START Information shown
(* Let $(M,d)$ be a compact metric space, $\varphi:M\to M$ continuous and $\mathcal G=\{G_n\}\in\mathcal A(M)$. Then $$\lim_{\delta\downarrow0}\limsup_{n\to\infty}\sup_{x\in M}\sup_{y,z\in B_n(x,\delta)}\tfrac1n|G_n(y)-G_n(z)|=0.$$ Moreover, if integers $m_\delta(n)\in\{0,\dots,n-1\}$ satisfy $\lim_{\delta\downarrow0}\limsup_{n}\frac1nm_\delta(n)=0$, then $$\lim_{\delta\downarrow0}\limsup_{n}\tfrac1n\|G_{n-m_\delta(n)}-G_n\|_\infty=0,\qquad \lim_{\delta\downarrow0}\limsup_{n}\sup_{x\in M}\sup_{y,z\in B_{n-m_\delta(n)}(x,\delta)}\tfrac1n|G_n(y)-G_n(z)|=0.$$
   Context: $C(M),B(M)$: continuous/bounded Borel real functions with sup norm; $S_nG=\sum_{k<n}G\circ\varphi^k$; $B_n(x,\delta)=\{y:d(\varphi^ky,\varphi^kx)<\delta,\ 0\le k\le n-1\}$. $\mathcal A(M)$: sequences $\{G_n\}\subset B(M)$ for which some $\{G^{(k)}\}\subset C(M)$ has $\lim_k\limsup_nn^{-1}\|G_n-S_nG^{(k)}\|_\infty=0$. *)

theory Defs
  imports "HOL-Analysis.Analysis"
begin

definition supnorm :: "('a \<Rightarrow> real) \<Rightarrow> real" where
  "supnorm f = (SUP x. \<bar>f x\<bar>)"

definition birkhoff_sum :: "('a \<Rightarrow> 'a) \<Rightarrow> nat \<Rightarrow> ('a \<Rightarrow> real) \<Rightarrow> 'a \<Rightarrow> real" where
  "birkhoff_sum \<phi> n G x = (\<Sum>k<n. G ((\<phi> ^^ k) x))"

definition bowen_ball :: "('a::metric_space \<Rightarrow> 'a) \<Rightarrow> nat \<Rightarrow> 'a \<Rightarrow> real \<Rightarrow> 'a set" where
  "bowen_ball \<phi> n x \<delta> = {y. \<forall>k<n. dist ((\<phi> ^^ k) y) ((\<phi> ^^ k) x) < \<delta>}"

definition bdd_borel :: "('a::topological_space \<Rightarrow> real) \<Rightarrow> bool" where
  "bdd_borel f \<longleftrightarrow> f \<in> borel_measurable borel \<and> bounded (range f)"

definition classA :: "('a::metric_space \<Rightarrow> 'a) \<Rightarrow> (nat \<Rightarrow> 'a \<Rightarrow> real) \<Rightarrow> bool" where
  "classA \<phi> G \<longleftrightarrow> (\<forall>n. bdd_borel (G n)) \<and>
     (\<exists>Gk :: nat \<Rightarrow> 'a \<Rightarrow> real. (\<forall>k. continuous_on UNIV (Gk k)) \<and>
        (\<lambda>k. limsup (\<lambda>n. ereal (supnorm (\<lambda>x. G n x - birkhoff_sum \<phi> n (Gk k) x) / real n)))
          \<longlonglongrightarrow> 0)"

end

theory Submission
  imports Defs
begin

text \<open>Up to a uniform error o(n), a sequence in A(M) is the Birkhoff sum S_n g of a single
  continuous g. On the compact space g is bounded, say by B, and uniformly continuous. Hence S_n g
  varies by at most n \<epsilon> + 2 m B on the Bowen ball of small radius and length n - m (only the
  first n - m orbit points are controlled), and S_n g and S_(n-m) g differ by at most m B.
  When m/n is small, all these errors are small multiples of n.\<close>

lemma abs_le_supnorm:
  assumes "\<And>x. \<bar>f x\<bar> \<le> B"
  shows "\<bar>f x\<bar> \<le> supnorm f"
  unfolding supnorm_def by (rule cSUP_upper) (use assms in \<open>auto intro!: bdd_aboveI2\<close>)

lemma supnorm_least:
  assumes "\<And>x. \<bar>f x\<bar> \<le> c"
  shows "supnorm f \<le> c"
  unfolding supnorm_def by (rule cSUP_least) (use assms in auto)

lemma abs_birkhoff_sum_diff_le:
  assumes "\<And>u. \<bar>g u\<bar> \<le> B" and "p \<le> n"
  shows "\<bar>birkhoff_sum \<phi> n g x - birkhoff_sum \<phi> p g x\<bar> \<le> real (n - p) * B"
proof -
  have "birkhoff_sum \<phi> n g x = birkhoff_sum \<phi> p g x + (\<Sum>k\<in>{p..<n}. g ((\<phi> ^^ k) x))"
    unfolding birkhoff_sum_def lessThan_atLeast0
    by (rule sum.atLeastLessThan_concat[symmetric]) (use assms(2) in auto)
  then have "birkhoff_sum \<phi> n g x - birkhoff_sum \<phi> p g x = (\<Sum>k\<in>{p..<n}. g ((\<phi> ^^ k) x))"
    by simp
  also have "\<bar>\<dots>\<bar> \<le> (\<Sum>k\<in>{p..<n}. \<bar>g ((\<phi> ^^ k) x)\<bar>)" by (rule sum_abs)
  also have "\<dots> \<le> (\<Sum>k\<in>{p..<n}. B)" by (intro sum_mono assms(1))
  finally show ?thesis by simp
qed

lemma abs_birkhoff_sum_le:
  assumes "\<And>u. \<bar>g u\<bar> \<le> B"
  shows "\<bar>birkhoff_sum \<phi> n g x\<bar> \<le> real n * B"
  using abs_birkhoff_sum_diff_le[OF assms, of 0 n] by (simp add: birkhoff_sum_def)

lemma abs_birkhoff_sum_orbit_diff_le:
  assumes "\<And>u v. dist u v < r \<Longrightarrow> \<bar>g u - g v\<bar> \<le> e" and "\<And>u. \<bar>g u\<bar> \<le> B" and "p \<le> n"
    and "\<And>k. k < p \<Longrightarrow> dist ((\<phi> ^^ k) y) ((\<phi> ^^ k) z) < r"
  shows "\<bar>birkhoff_sum \<phi> n g y - birkhoff_sum \<phi> n g z\<bar> \<le> real p * e + 2 * real (n - p) * B"
proof -
  have "birkhoff_sum \<phi> p g y - birkhoff_sum \<phi> p g z = (\<Sum>k<p. g ((\<phi> ^^ k) y) - g ((\<phi> ^^ k) z))"
    unfolding birkhoff_sum_def by (simp add: sum_subtractf)
  also have "\<bar>\<dots>\<bar> \<le> (\<Sum>k<p. \<bar>g ((\<phi> ^^ k) y) - g ((\<phi> ^^ k) z)\<bar>)" by (rule sum_abs)
  also have "\<dots> \<le> (\<Sum>k<p. e)" using assms(4) by (intro sum_mono assms(1)) auto
  finally have "\<bar>birkhoff_sum \<phi> p g y - birkhoff_sum \<phi> p g z\<bar> \<le> real p * e" by simp
  moreover have tail: "\<bar>birkhoff_sum \<phi> n g w - birkhoff_sum \<phi> p g w\<bar> \<le> real (n - p) * B" for w
    by (rule abs_birkhoff_sum_diff_le[OF assms(2,3)])
  ultimately show ?thesis
    using tail[of y] tail[of z] by linarith
qed

lemma bowen_ball_dist_less:
  assumes "y \<in> bowen_ball \<phi> n x \<delta>" and "z \<in> bowen_ball \<phi> n x \<delta>" and "k < n"
  shows "dist ((\<phi> ^^ k) y) ((\<phi> ^^ k) z) < 2 * \<delta>"
  using assms dist_triangle_half_l[of "(\<phi> ^^ k) y" "(\<phi> ^^ k) x" "2 * \<delta>" "(\<phi> ^^ k) z"]
  by (auto simp: bowen_ball_def dist_commute)

lemma bowen_oscillation_nonneg:
  assumes "0 < \<delta>"
  shows "0 \<le> (SUP x. SUP y\<in>bowen_ball \<phi> n x \<delta>. SUP z\<in>bowen_ball \<phi> n x \<delta>. ereal (\<bar>f y - f z\<bar> / c))"
proof -
  have "x \<in> bowen_ball \<phi> n x \<delta>" for x using assms by (simp add: bowen_ball_def)
  then show ?thesis by (intro SUP_upper2[of undefined] SUP_upper2[of undefined]) fastforce+
qed

lemma bowen_oscillation_le:
  assumes "\<And>x y z. y \<in> bowen_ball \<phi> n x \<delta> \<Longrightarrow> z \<in> bowen_ball \<phi> n x \<delta> \<Longrightarrow> \<bar>f y - f z\<bar> / c \<le> e"
  shows "(SUP x. SUP y\<in>bowen_ball \<phi> n x \<delta>. SUP z\<in>bowen_ball \<phi> n x \<delta>. ereal (\<bar>f y - f z\<bar> / c)) \<le> ereal e"
  using assms by (intro SUP_least) auto
(* Let $\Gamma$ be a totally ordered set, $\sigma:\Gamma\to\Gamma$ an order-preserving embedding with $\sigma(\gamma)<\gamma$ for all $\gamma\in\Gamma$, and $(\mathbf k,\log)$ an ordered field with surjective logarithm. Let $G=\Gamma^{\mathbf k}$ with prelogarithmic section $l_\sigma$, and consider the EL-series field $\mathbf k((\Gamma^{\mathbf k}))^{\sigma EL}$ with logarithm $\mathrm{Log}_\sigma$. Then for every $n\ge0$ and every $g\in G^{\#n}$ with $g>1$ we have $v(\mathrm{Log}_\sigma(g))<g$, where $v$ is the canonical valuation on $\mathbf k((G^{\#(n+1)}))$.
   Context: Let $\mathbf k$ be an ordered field and $(G,\cdot,<)$ a totally ordered abelian group. $\mathbf k((G))$ denotes the field of generalized power series $\alpha=\sum_{g\in G}\alpha(g)\,g$ with anti-well-ordered support, usual operations, canonical valuation $v(\alpha)=\max\operatorname{supp}\alpha$ and ordering $\alpha>0$ iff $\alpha(v(\alpha))>0$. $\mathbf k((S))=\{\alpha:\operatorname{supp}\alpha\subseteq S\}$, $G^{>1}=\{g>1\}$. Hahn group: $\Gamma^{\mathbf k}$ is the set of formal products $g=\prod_{\gamma\in\Gamma}x_\gamma^{g(\gamma)}$, $g(\gamma)\in\mathbf k$, with anti-well-ordered support $\{\gamma:g(\gamma)\ne0\}\subseteq\Gamma$, multiplied pointwise, ordered by $g>1$ iff $g(\gamma)>0$ for $\gamma=\max\operatorname{supp}g$. The prelogarithmic section $l_\sigma:\Gamma^{\mathbf k}\to\mathbf k((G^{>1}))$ is $l_\sigma(\prod x_\gamma^{g(\gamma)})=\sum_\gamma g(\gamma)\,x_{\sigma(\gamma)}$ (here $x_{\sigma(\gamma)}\in\Gamma^{\mathbf k}$ is a monomial). A prelogarithmic section is an order-preserving group embedding $l:(G,\cdot)\to(\mathbf k((G^{>1})),+)$. Exponential extension: $G^\#$ is the ordered abelian group of formal symbols $e(\alpha)$, $\alpha\in\mathbf k((G^{>1}))$, with $e(\alpha)e(\beta)=e(\alpha+\beta)$, $e(\alpha)<e(\beta)\iff\alpha<\beta$, and $e(l(g))$ identified with $g\in G$; $l^\#(e(\alpha))=\alpha$ is a prelogarithmic section extending $l$. Iterating gives $G^{\#n}$, $l^{\#n}$; the EL-series field $\mathbf k((G))^{EL}=\bigcup_n\mathbf k((G^{\#n}))$ has logarithm $\mathrm{Log}$ given on $G^{\#n}$ by $l^{\#n}$ (and in general by $\mathrm{Log}(g\,a(1+\varepsilon))=l^{\#n}(g)+\log a+\sum_{i\ge1}(-1)^{i-1}\varepsilon^i/i$). For $(G,l)=(\Gamma^{\mathbf k},l_\sigma)$ this field is denoted $\mathbf k((\Gamma^{\mathbf k}))^{\sigma EL}$ and its logarithm $\mathrm{Log}_\sigma$. *)

theory Defs
  imports Main
begin

text \<open>Generalized power series are represented as functions (monomial -> coefficient).
  Multiplicative monomial groups that are not Hahn groups live inside an ambient totally
  ordered type 'h with an explicit group operation.\<close>

definition supp :: "('a \<Rightarrow> 'b::zero) \<Rightarrow> 'a set" where
  "supp s = {m. s m \<noteq> 0}"

definition anti_wo :: "'a::linorder set \<Rightarrow> bool" where
  "anti_wo S \<longleftrightarrow> (\<forall>A \<subseteq> S. A \<noteq> {} \<longrightarrow> (\<exists>m\<in>A. \<forall>a\<in>A. a \<le> m))"

definition series_on :: "'a::linorder set \<Rightarrow> ('a \<Rightarrow> 'k::zero) set" where
  "series_on S = {s. anti_wo (supp s) \<and> supp s \<subseteq> S}"

definition val :: "('a::linorder \<Rightarrow> 'k::zero) \<Rightarrow> 'a" where
  "val s = (GREATEST m. s m \<noteq> 0)"

definition ser_pos :: "('a::linorder \<Rightarrow> 'k::linordered_field) \<Rightarrow> bool" where
  "ser_pos s \<longleftrightarrow> supp s \<noteq> {} \<and> s (val s) > 0"

definition ser_less :: "('a::linorder \<Rightarrow> 'k::linordered_field) \<Rightarrow> ('a \<Rightarrow> 'k) \<Rightarrow> bool" where
  "ser_less s t \<longleftrightarrow> ser_pos (\<lambda>m. t m - s m)"

text \<open>Hahn group Gamma^k: exponent vectors g (product of x_gamma^(g gamma)) with anti-well-ordered
  support, group operation pointwise addition of exponents, ordering g > 1 iff leading exponent > 0
  (i.e. ser_less).\<close>
definition hahn_grp :: "('g::linorder \<Rightarrow> 'k::linordered_field) set" where
  "hahn_grp = series_on UNIV"

definition xmon :: "'g \<Rightarrow> ('g \<Rightarrow> 'k::linordered_field)" where
  "xmon \<delta> = (\<lambda>\<gamma>. if \<gamma> = \<delta> then 1 else 0)"

text \<open>l_sigma(prod x_gamma^(g gamma)) = sum g(gamma) x_(sigma gamma), a series over Gamma^k.\<close>
definition l_sigma :: "('g \<Rightarrow> 'g) \<Rightarrow> ('g::linorder \<Rightarrow> 'k::linordered_field) \<Rightarrow> (('g \<Rightarrow> 'k) \<Rightarrow> 'k)" where
  "l_sigma \<sigma> g = (\<lambda>m. if \<exists>\<gamma>. m = xmon (\<sigma> \<gamma>) then g (THE \<gamma>. m = xmon (\<sigma> \<gamma>)) else 0)"

definition is_log :: "('k::linordered_field \<Rightarrow> 'k) \<Rightarrow> bool" where
  "is_log lg \<longleftrightarrow> (\<forall>x>0. \<forall>y>0. lg (x * y) = lg x + lg y) \<and> (\<forall>x>0. \<forall>y>0. x < y \<longrightarrow> lg x < lg y)"

definition surj_log :: "('k::linordered_field \<Rightarrow> 'k) \<Rightarrow> bool" where
  "surj_log lg \<longleftrightarrow> (\<forall>y. \<exists>x>0. lg x = y)"

text \<open>(H', l') is the exponential extension (G^#, l^#) of (H, l), both realized inside the ambient
  totally ordered type 'h with monomial multiplication mul and unit one:
  H is a subset of H', H' is closed under mul, l' is an order-preserving group embedding of H'
  into the additive group of series, l' extends l, and the image of l' is exactly k((H^{>1})).
  This determines (H',l') uniquely up to isomorphism over H (e(alpha) corresponds to the
  unique element with l'-image alpha).\<close>
definition exp_ext ::
  "('h::linorder \<Rightarrow> 'h \<Rightarrow> 'h) \<Rightarrow> 'h \<Rightarrow> 'h set \<Rightarrow> ('h \<Rightarrow> 'h \<Rightarrow> 'k::linordered_field)
     \<Rightarrow> 'h set \<Rightarrow> ('h \<Rightarrow> 'h \<Rightarrow> 'k) \<Rightarrow> bool" where
  "exp_ext mul one H l H' l' \<longleftrightarrow>
     H \<subseteq> H' \<and>
     (\<forall>a\<in>H'. \<forall>b\<in>H'. mul a b \<in> H') \<and>
     (\<forall>a\<in>H'. \<forall>b\<in>H'. l' (mul a b) = (\<lambda>m. l' a m + l' b m)) \<and>
     (\<forall>a\<in>H'. \<forall>b\<in>H'. a < b \<longrightarrow> ser_less (l' a) (l' b)) \<and>
     (\<forall>a\<in>H. l' a = l a) \<and>
     l' ` H' = series_on {h\<in>H. one < h}"
lemma euler_integrand_tendsto:
  assumes zh: "zh \<in> states" and s: "\<forall>n. s n \<le> w" "s \<longlonglongrightarrow> \<xi>" "\<xi> \<le> w"
    and income: "0 < \<beta> z zh e * R z zh e \<longrightarrow> 0 < Y z zh e"
  shows "(\<lambda>n. euler_integrand z w (s n) zh e) \<longlonglongrightarrow> euler_integrand z w \<xi> zh e"
proof (cases "0 < \<beta> z zh e * R z zh e")
  case True
  define X where "X \<eta> = R z zh e * (w - \<eta>) + Y z zh e" for \<eta>
  have X_pos: "0 < X \<eta>" if "\<eta> \<le> w" for \<eta>
    using data_nonneg that income True by (simp add: X_def add_nonneg_pos)
  have "(\<lambda>n. X (s n)) \<longlonglongrightarrow> X \<xi>" unfolding X_def by (intro tendsto_intros s)
  then have "(\<lambda>n. c (X (s n)) zh) \<longlonglongrightarrow> c (X \<xi>) zh"
    using X_pos s by (intro continuous_on_tendsto_compose[OF continuous_on_consumption[OF zh]]) auto
  then have "(\<lambda>n. \<beta> z zh e * R z zh e * c (X (s n)) zh powr - \<gamma> (fst zh))
      \<longlonglongrightarrow> \<beta> z zh e * R z zh e * c (X \<xi>) zh powr - \<gamma> (fst zh)"
    using consumption_pos_le[OF X_pos[OF s(3)] zh] by (intro tendsto_intros) auto
  then have "(\<lambda>n. ennreal (\<beta> z zh e * R z zh e * c (X (s n)) zh powr - \<gamma> (fst zh)))
      \<longlonglongrightarrow> ennreal (\<beta> z zh e * R z zh e * c (X \<xi>) zh powr - \<gamma> (fst zh))"
    by (rule tendsto_ennrealI)
  moreover have "euler_integrand z w \<eta> zh e
      = ennreal (\<beta> z zh e * R z zh e * c (X \<eta>) zh powr - \<gamma> (fst zh))" if "\<eta> \<le> w" for \<eta>
    using consumption_pos_le[OF X_pos[OF that] zh] data_nonneg
    by (simp add: euler_integrand_def X_def uprimeE_pos ennreal_mult')
  ultimately show ?thesis using s by simp
qed (use data_nonneg in \<open>simp add: euler_integrand_def ennreal_neg\<close>)

lemma euler_rhs_tendsto:
  assumes z: "z \<in> states" and s: "\<forall>n. s n \<le> w" "s \<longlonglongrightarrow> \<xi>" "\<xi> \<le> w"
  shows "(\<lambda>n. euler_rhs z w (s n)) \<longlonglongrightarrow> euler_rhs z w \<xi>"
  unfolding euler_rhs_def
proof (rule Ez_tendsto)
  fix zh assume zh: "zh \<in> states" and P: "0 < Pjoint Pb Pt z zh"
  obtain h where [measurable]: "h \<in> borel_measurable \<pi>"
    and "(\<integral>\<^sup>+e. h e \<partial>\<pi>) < \<infinity>" "\<And>w \<xi> e. \<xi> \<le> w \<Longrightarrow> euler_integrand z w \<xi> zh e \<le> h e"
    using euler_integrand_dominated[OF z zh P] by metis
  moreover have "AE e in \<pi>. (\<lambda>n. euler_integrand z w (s n) zh e) \<longlonglongrightarrow> euler_integrand z w \<xi> zh e"
    using AE_income_pos[OF z zh P] by eventually_elim (rule euler_integrand_tendsto[OF zh s])
  ultimately show "(\<lambda>n. \<integral>\<^sup>+e. euler_integrand z w (s n) zh e \<partial>\<pi>)
      \<longlonglongrightarrow> (\<integral>\<^sup>+e. euler_integrand z w \<xi> zh e \<partial>\<pi>)"
    using s euler_integrand_measurable[OF z zh]
    by (intro nn_integral_dominated_convergence[where w = h]) auto
qed

text \<open>
  Top is a definite description, so the fixed-point equation tells us something about c w z
  only after the defining equation is shown to have exactly one root.
\<close>

lemma consumption_euler_inequality:
  assumes z: "z \<in> states" and w: "0 < w"
  shows "euler_rhs z w (c w z) \<le> uprimeE \<gamma> (c w z) z"
proof -
  define g where "g = \<gamma> (fst z)"
  define f where "f \<xi> = enn2real (euler_rhs z w \<xi>)" for \<xi>
  have rhs_eq: "euler_rhs z w \<xi> = ennreal (f \<xi>)" if "\<xi> \<le> w" for \<xi>
    using euler_rhs_finite[OF z that] by (simp add: f_def)
  have "continuous_on {0<..w} f"
  proof (rule continuous_on_sequentiallyI)
    fix s \<xi> assume "\<forall>n. s n \<in> {0<..w}" "\<xi> \<in> {0<..w}" "s \<longlonglongrightarrow> \<xi>"
    then have "(\<lambda>n. euler_rhs z w (s n)) \<longlonglongrightarrow> euler_rhs z w \<xi>"
      by (intro euler_rhs_tendsto[OF z]) auto
    then show "(\<lambda>n. f (s n)) \<longlonglongrightarrow> f \<xi>"
      unfolding f_def using euler_rhs_finite[OF z] \<open>\<xi> \<in> {0<..w}\<close>
      by (intro tendsto_enn2real) auto
  qed
  moreover have "mono_on {0<..w} f"
    using euler_rhs_finite[OF z] unfolding infinity_ennreal_def
    by (intro mono_onI) (auto simp: f_def intro!: enn2real_mono euler_rhs_mono[OF z])
  ultimately have ex1: "\<exists>!\<xi>. 0 < \<xi> \<and> \<xi> \<le> w \<and> \<xi> powr -g = max (f \<xi>) (w powr -g)"
    using risk_aversion_pos[OF z] w by (intro ex1_powr_eq_max) (auto simp: g_def)
  define euler_eq where "euler_eq \<xi> \<longleftrightarrow>
    0 < \<xi> \<and> \<xi> \<le> w \<and> uprimeE \<gamma> \<xi> z = max (euler_rhs z w \<xi>) (uprimeE \<gamma> w z)" for \<xi>
  have "euler_eq \<xi> \<longleftrightarrow> 0 < \<xi> \<and> \<xi> \<le> w \<and> \<xi> powr -g = max (f \<xi>) (w powr -g)" for \<xi>
  proof (cases "0 < \<xi> \<and> \<xi> \<le> w")
    case True
    have "mono ennreal" by (rule monoI) (rule ennreal_leI)
    then have "max (euler_rhs z w \<xi>) (uprimeE \<gamma> w z) = ennreal (max (f \<xi>) (w powr -g))"
      using rhs_eq True w by (simp add: uprimeE_pos g_def max_of_mono)
    then show ?thesis using True by (simp add: euler_eq_def uprimeE_pos g_def f_def le_max_iff_disj)
  qed (auto simp: euler_eq_def)
  with ex1 have "\<exists>!\<xi>. euler_eq \<xi>" by simp
  moreover have "c w z = (THE \<xi>. euler_eq \<xi>)"
    using cstar_fix z w by (simp add: Top_eq_THE euler_eq_def)
  ultimately have "euler_eq (c w z)" by (simp add: theI')
  then show ?thesis by (simp add: euler_eq_def)
qed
END Information shown
Scan the data above for the string "noteq". Copy every line in which it appears.

  "supp s = {m. s m \<noteq> 0}"
  "anti_wo S \<longleftrightarrow> (\<forall>A \<subseteq> S. A \<noteq> {} \<longrightarrow> (\<exists>m\<in>A. \<forall>a\<in>A. a \<le> m))"
  "val s = (GREATEST m. s m \<noteq> 0)"
  "ser_pos s \<longleftrightarrow> supp s \<noteq> {} \<and> s (val s) > 0"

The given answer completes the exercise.